WHAT TO DO >>
Nothing outside the range below should be printed. Output exactly the lines from the line with "b) has_derivative (\<lambda>h." to the line with "b)) has_derivative (\<lambda>h.", both included.

+++ DATA SHOWN

(* Let $f\in C^0_b(\mathbb{R})$. There exists a positive constant $K=K(\|f\|_{L^\infty},d)$ such that every classical solution $(u,m)$ of the MFG system satisfies $\|u\|_{L^\infty}\le \|f\|_{L^\infty}/\lambda$, $\|Du\|_{L^\infty}\le K$, and $\|\Delta u\|_{L^\infty}\le 2\|f\|_{L^\infty}+K^2/2=:M$. Furthermore, if $\lambda>M$, then $\|m\|_{L^\infty}\le \frac{\lambda}{\lambda-M}\|m_0\|_{L^\infty}$.
   Context: $\mathbb{T}^d$ is the flat torus, $\lambda>0$, $\alpha\in(0,1)$, $m_0\in C^{0,\alpha}(\mathbb{T}^d)$ a probability density. $C^0_b(\mathbb{R})$ denotes bounded continuous functions. The MFG system is $-\Delta u + \tfrac12|Du|^2 + \lambda u = f(m)$, $-\Delta m - \operatorname{div}(m Du) + \lambda m = \lambda m_0$ in $\mathbb{T}^d$; a classical solution is a pair of $C^2$ functions satisfying it pointwise. *)

theory Defs
  imports "HOL-Analysis.Analysis"
begin

text \<open>Functions on the flat torus T^d = R^d / Z^d are represented as Z^d-periodic
  functions on real^'d.\<close>

definition periodic :: "(real^'d \<Rightarrow> real) \<Rightarrow> bool" where
  "periodic u \<longleftrightarrow> (\<forall>x i. u (x + axis i 1) = u x)"

definition pd :: "'d \<Rightarrow> (real^'d \<Rightarrow> real) \<Rightarrow> real^'d \<Rightarrow> real" where
  "pd i u x = deriv (\<lambda>t. u (x + t *\<^sub>R axis i 1)) 0"

definition grad :: "(real^'d \<Rightarrow> real) \<Rightarrow> real^'d \<Rightarrow> real^'d" where
  "grad u x = (\<chi> i. pd i u x)"

definition laplacian :: "(real^'d \<Rightarrow> real) \<Rightarrow> real^'d \<Rightarrow> real" where
  "laplacian u x = (\<Sum>i\<in>UNIV. pd i (pd i u) x)"

definition div_mgrad :: "(real^'d \<Rightarrow> real) \<Rightarrow> (real^'d \<Rightarrow> real) \<Rightarrow> real^'d \<Rightarrow> real" where
  "div_mgrad m u x = (\<Sum>i\<in>UNIV. pd i (\<lambda>y. m y * pd i u y) x)"

definition C2 :: "(real^'d \<Rightarrow> real) \<Rightarrow> bool" where
  "C2 u \<longleftrightarrow> (\<forall>x. u differentiable (at x)) \<and>
     (\<forall>i x. pd i u differentiable (at x)) \<and>
     (\<forall>i j. continuous_on UNIV (pd j (pd i u)))"

definition supnorm :: "('a \<Rightarrow> real) \<Rightarrow> real" where
  "supnorm u = (SUP x. \<bar>u x\<bar>)"

definition supnorm_vec :: "('a \<Rightarrow> real^'d) \<Rightarrow> real" where
  "supnorm_vec v = (SUP x. norm (v x))"

definition holder :: "real \<Rightarrow> (real^'d \<Rightarrow> real) \<Rightarrow> bool" where
  "holder \<alpha> g \<longleftrightarrow> (\<exists>C. \<forall>x y. \<bar>g x - g y\<bar> \<le> C * dist x y powr \<alpha>)"

definition prob_density :: "(real^'d \<Rightarrow> real) \<Rightarrow> bool" where
  "prob_density g \<longleftrightarrow> (\<forall>x. g x \<ge> 0) \<and> (g has_integral 1) (cbox 0 One)"

definition MFG_classical_solution ::
  "real \<Rightarrow> (real \<Rightarrow> real) \<Rightarrow> (real^'d \<Rightarrow> real) \<Rightarrow> (real^'d \<Rightarrow> real) \<Rightarrow> (real^'d \<Rightarrow> real) \<Rightarrow> bool" where
  "MFG_classical_solution lam f m0 u m \<longleftrightarrow>
     periodic u \<and> periodic m \<and> C2 u \<and> C2 m \<and>
     (\<forall>x. - laplacian u x + (1/2) * (norm (grad u x))\<^sup>2 + lam * u x = f (m x)) \<and>
     (\<forall>x. - laplacian m x - div_mgrad m u x + lam * m x = lam * m0 x)"

end

theory Submission
  imports Defs
begin

(* At a maximum or minimum of u the equation reduces to lam u = f(m) up to a sign-definite
   Laplacian, so |u| <= |f|/lam. For the gradient, maximise u x - u (x - w) - L phi(|w|) over
   x and |w| <= R = sqrt d, where phi(t) = t - t^2/(4R); periodicity lets the maximum be taken
   with |w| <= R/2. At a positive maximum the gradients at x and y = x - w agree, and moving x
   along e_k while y moves along the reflection of e_k in the hyperplane orthogonal to w gives,
   after summing over k, Delta u(x) - Delta u(y) <= -2L/R. Subtracting the equations at x and y
   bounds the same difference below by -2|f|, which is impossible for L > |f| R. So u grows at
   most like L phi(|w|) <= L |w|, hence |Du| <= L, and the equation bounds Delta u by M.
   Finally div(m Du) = Dm.Du + m Delta u, so at an extremum of m the second equation gives
   (lam - M) |m| <= lam |m0|. *)

section \<open>Directional derivatives and extrema\<close>

lemma has_real_derivative_along_line:
  fixes u :: "real^'d \<Rightarrow> real"
  assumes "u differentiable (at (x + s *\<^sub>R a))"
  shows "((\<lambda>t. u (x + t *\<^sub>R a)) has_real_derivative (\<Sum>i\<in>UNIV. a$i * pd i u (x + s *\<^sub>R a))) (at s)"
proof -
  have line_deriv: "((\<lambda>t. u (y + t *\<^sub>R b)) has_real_derivative D b) (at c)"
    if "(u has_derivative D) (at (y + c *\<^sub>R b))" for y b c D
  proof -
    have "((\<lambda>t. y + t *\<^sub>R b) has_derivative (\<lambda>h. h *\<^sub>R b)) (at c)"
      by (auto intro!: derivative_eq_intros)
    from has_derivative_compose[OF this that]
    have "((\<lambda>t. u (y + t *\<^sub>R b)) has_derivative (\<lambda>h. h * D b)) (at c)"
      using linear_scale[OF has_derivative_linear[OF that]] by (simp add: o_def)
    then show ?thesis
      unfolding has_field_derivative_def by (rule has_derivative_eq_rhs) (simp add: fun_eq_iff)
  qed
  let ?y = "x + s *\<^sub>R a"
  let ?D = "frechet_derivative u (at ?y)"
  have D: "(u has_derivative ?D) (at ?y)"
    using assms frechet_derivative_works by blast
  have pd_eq: "pd i u ?y = ?D (axis i 1)" for i
    unfolding pd_def using line_deriv[where y="?y" and b="axis i 1" and c=0] D by (simp add: DERIV_imp_deriv)
  have "?D a = ?D (\<Sum>i\<in>UNIV. a$i *\<^sub>R axis i 1)"
    using basis_expansion[of a] by (simp add: scalar_mult_eq_scaleR)
  also have "\<dots> = (\<Sum>i\<in>UNIV. a$i * pd i u ?y)"
    using has_derivative_linear[OF D] by (simp add: linear_sum linear_scale pd_eq)
  finally show ?thesis
    using line_deriv[OF D] by simp
qed

lemma sum_axis_mult: "(\<Sum>i\<in>UNIV. axis k (1::real) $ i * g i) = g k"
  by (simp add: axis_def if_distrib[of "\<lambda>c. c * _"] cong: if_cong)

lemma has_real_derivative_along_axis:
  fixes u :: "real^'d \<Rightarrow> real"
  assumes "u differentiable (at (x + s *\<^sub>R axis k 1))"
  shows "((\<lambda>t. u (x + t *\<^sub>R axis k 1)) has_real_derivative pd k u (x + s *\<^sub>R axis k 1)) (at s)"
  using has_real_derivative_along_line[OF assms] by (simp add: sum_axis_mult)

definition hessian_form :: "(real^'d \<Rightarrow> real) \<Rightarrow> real^'d \<Rightarrow> real^'d \<Rightarrow> real" where
  "hessian_form u x a = (\<Sum>i\<in>UNIV. a$i * (\<Sum>j\<in>UNIV. a$j * pd j (pd i u) x))"

lemma has_real_derivative_directional_pd:
  fixes u :: "real^'d \<Rightarrow> real"
  assumes "\<And>i. pd i u differentiable (at x)"
  shows "((\<lambda>s. \<Sum>i\<in>UNIV. a$i * pd i u (x + s *\<^sub>R a)) has_real_derivative hessian_form u x a) (at 0)"
  unfolding hessian_form_def
  using has_real_derivative_along_line[of "pd _ u" x 0 a] assms
  by (auto intro!: DERIV_sum DERIV_cmult)

lemma has_real_derivative_pd_along_axis:
  fixes u :: "real^'d \<Rightarrow> real"
  assumes "pd k u differentiable (at x)"
  shows "((\<lambda>s. pd k u (x + s *\<^sub>R axis k 1)) has_real_derivative pd k (pd k u) x) (at 0)"
  using has_real_derivative_along_axis[of "pd k u" x 0 k] assms by simp

lemma sum_component_square: "(\<Sum>k\<in>UNIV. (e$k)\<^sup>2) = (norm e)\<^sup>2"
  unfolding power2_norm_eq_inner inner_vec_def by (simp add: power2_eq_square)

lemma local_max_second_derivative_test:
  fixes h :: "real \<Rightarrow> real"
  assumes h: "\<And>s. (h has_real_derivative h' s) (at s)"
    and h': "(h' has_real_derivative c) (at 0)"
    and "\<delta> > 0" and max: "\<And>s. \<bar>s\<bar> < \<delta> \<Longrightarrow> h s \<le> h 0"
  shows "h' 0 = 0 \<and> c \<le> 0"
proof
  show crit: "h' 0 = 0"
    using DERIV_local_max[OF h \<open>\<delta> > 0\<close>] max by auto
  show "c \<le> 0"
  proof (rule ccontr)
    assume "\<not> c \<le> 0"
    then obtain e where "e > 0" and h'_pos: "\<And>t. 0 < t \<Longrightarrow> t < e \<Longrightarrow> h' 0 < h' t"
      using DERIV_pos_inc_right[OF h'] by force
    define t where "t = min (e/2) (\<delta>/2)"
    have t: "0 < t" "t < e" "t < \<delta>"
      using \<open>e > 0\<close> \<open>\<delta> > 0\<close> by (auto simp: t_def)
    obtain z where z: "0 < z" "z < t" "h t - h 0 = t * h' z"
      using MVT2[OF t(1), of h h'] h by auto
    have "0 < h' z"
      using h'_pos[of z] z t crit by simp
    then have "h 0 < h t"
      using mult_pos_pos[OF t(1)] z(3) by fastforce
    then show False
      using max[of t] t by simp
  qed
qed

lemma C2_continuous_on: "C2 u \<Longrightarrow> continuous_on UNIV u"
  unfolding C2_def
  by (meson continuous_at_imp_continuous_on differentiable_imp_continuous_within)

lemma C2_global_max:
  fixes u :: "real^'d \<Rightarrow> real"
  assumes "C2 u" and "\<And>y. u y \<le> u x0"
  shows "grad u x0 = 0 \<and> laplacian u x0 \<le> 0"
proof -
  have "(\<lambda>s. pd k u (x0 + s *\<^sub>R axis k 1)) 0 = 0 \<and> pd k (pd k u) x0 \<le> 0" for k
    by (rule local_max_second_derivative_test[where h="\<lambda>s. u (x0 + s *\<^sub>R axis k 1)" and \<delta>=1])
       (use assms in \<open>auto simp: C2_def
          intro: has_real_derivative_along_axis has_real_derivative_pd_along_axis\<close>)
  then show ?thesis
    by (simp add: grad_def vec_eq_iff laplacian_def sum_nonpos)
qed

lemma C2_global_min:
  fixes u :: "real^'d \<Rightarrow> real"
  assumes "C2 u" and "\<And>y. u x0 \<le> u y"
  shows "grad u x0 = 0 \<and> laplacian u x0 \<ge> 0"
proof -
  have "(\<lambda>s. - pd k u (x0 + s *\<^sub>R axis k 1)) 0 = 0 \<and> - pd k (pd k u) x0 \<le> 0" for k
    by (rule local_max_second_derivative_test[where h="\<lambda>s. - u (x0 + s *\<^sub>R axis k 1)" and \<delta>=1])
       (use assms in \<open>auto simp: C2_def intro!: derivative_intros
          has_real_derivative_along_axis has_real_derivative_pd_along_axis\<close>)
  then show ?thesis
    by (simp add: grad_def vec_eq_iff laplacian_def sum_nonneg)
qed
(* Let $p_{UV}$ be a joint distribution of a random vector $U\in\mathbb{F}^{2n}$ and a discrete random variable $V$, and let $J$ be the associated rank variable. For $k\in\{0,\dots,n\}$, $r=k/n$, $m=n-k$, define $\epsilon^{conv}(p_{UV},r)=\Pr[J>2^m]$ and $\epsilon^{ach}(p_{UV},r)=\Pr[J>2^m]+\mathbb{E}\big[\mathbf{1}\{J\le 2^m\}(J-1)2^{-m}\big]$. Then $$\epsilon^{conv}(p_{UV},r)\le\epsilon_{guess}(p_{UV},r)\le\epsilon^{ach}(p_{UV},r).$$ Moreover, with $R^{ach}(p_{UV},\epsilon)=\max\{r:\epsilon^{ach}(p_{UV},r)\le\epsilon\}$ and $R^{conv}(p_{UV},\epsilon)=\min\{r:\epsilon^{conv}(p_{UV},r)>\epsilon\}$ (with $r$ ranging over $\{k/n:k=0,\dots,n\}$), $$R^{ach}(p_{UV},\epsilon)\le R_{guess}(p_{UV},\epsilon)<R^{conv}(p_{UV},\epsilon).$$
   Context: $\mathbb{F}$ is the field with two elements, $e_{N,i}$ the $i$-th standard basis vector of $\mathbb{F}^N$, $R_{2n}=\sum_{i=1}^{2n}e_{2n,i}e_{2n,2n+1-i}^{\top}$, $\mathrm{Sp}_{2n}=\{C\in\mathbb{F}^{2n\times2n}:C^{\top}R_{2n}C=R_{2n}\}$. Given $p_{UV}$, a partition $n=m+k$, a matrix $C\in\mathrm{Sp}_{2n}$ and a decoder $D$ (a map from pairs (side information value, syndrome in $\mathbb{F}^m$) to $\mathbb{F}^{2n}$), the probability of incorrect guess is $\Pr\big[D\big(V,\sum_{i=1}^m e_{m,i}e_{2n,i}^{\top}CU\big)\ne U\big]$ (the syndrome is the first $m$ coordinates of $CU$). For $r=k/n$, $\epsilon_{guess}(p_{UV},r)$ is the lowest probability of incorrect guess over all pairs $(C,D)$ using $m=n-k$ syndrome bits; for $\epsilon>0$, $R_{guess}(p_{UV},\epsilon)$ is the maximum value of $k/n$ such that some pair $(C,D)$ with $m=n-k$ has probability of incorrect guess at most $\epsilon$. Rank variable: for each value $v$ of $V$, list the $2^{2n}$ vectors of $\mathbb{F}^{2n}$ as $\sigma(1,v),\dots,\sigma(2^{2n},v)$ with $p_{UV}(\sigma(1,v),v)\ge p_{UV}(\sigma(2,v),v)\ge\cdots$ (ties broken arbitrarily), and let $J\in[2^{2n}]$ be the random variable such that the event $\{J=j,V=v\}$ equals $\{U=\sigma(j,v),V=v\}$. $\mathbf{1}\{\cdot\}$ is the indicator. *)

theory Defs
  imports "HOL-Probability.Probability" "HOL-Library.Z2"
begin

text \<open>Vectors of F^N (F = GF(2) = type bit) are functions nat => bit, with coordinates
  indexed 0..N-1 (0-based) and zero outside. Matrices are nat => nat => bit.\<close>

definition vecs :: "nat \<Rightarrow> (nat \<Rightarrow> bit) set" where
  "vecs N = {u. \<forall>i\<ge>N. u i = 0}"

definition mat_vec :: "nat \<Rightarrow> (nat \<Rightarrow> nat \<Rightarrow> bit) \<Rightarrow> (nat \<Rightarrow> bit) \<Rightarrow> (nat \<Rightarrow> bit)" where
  "mat_vec N C u = (\<lambda>i. if i < N then (\<Sum>j<N. C i j * u j) else 0)"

++++++

OUTPUT OF THE TASK >>
    have "((\<lambda>t. y + t *\<^sub>R b) has_derivative (\<lambda>h. h *\<^sub>R b)) (at c)"
      by (auto intro!: derivative_eq_intros)
    from has_derivative_compose[OF this that]
    have "((\<lambda>t. u (y + t *\<^sub>R b)) has_derivative (\<lambda>h. h * D b)) (at c)"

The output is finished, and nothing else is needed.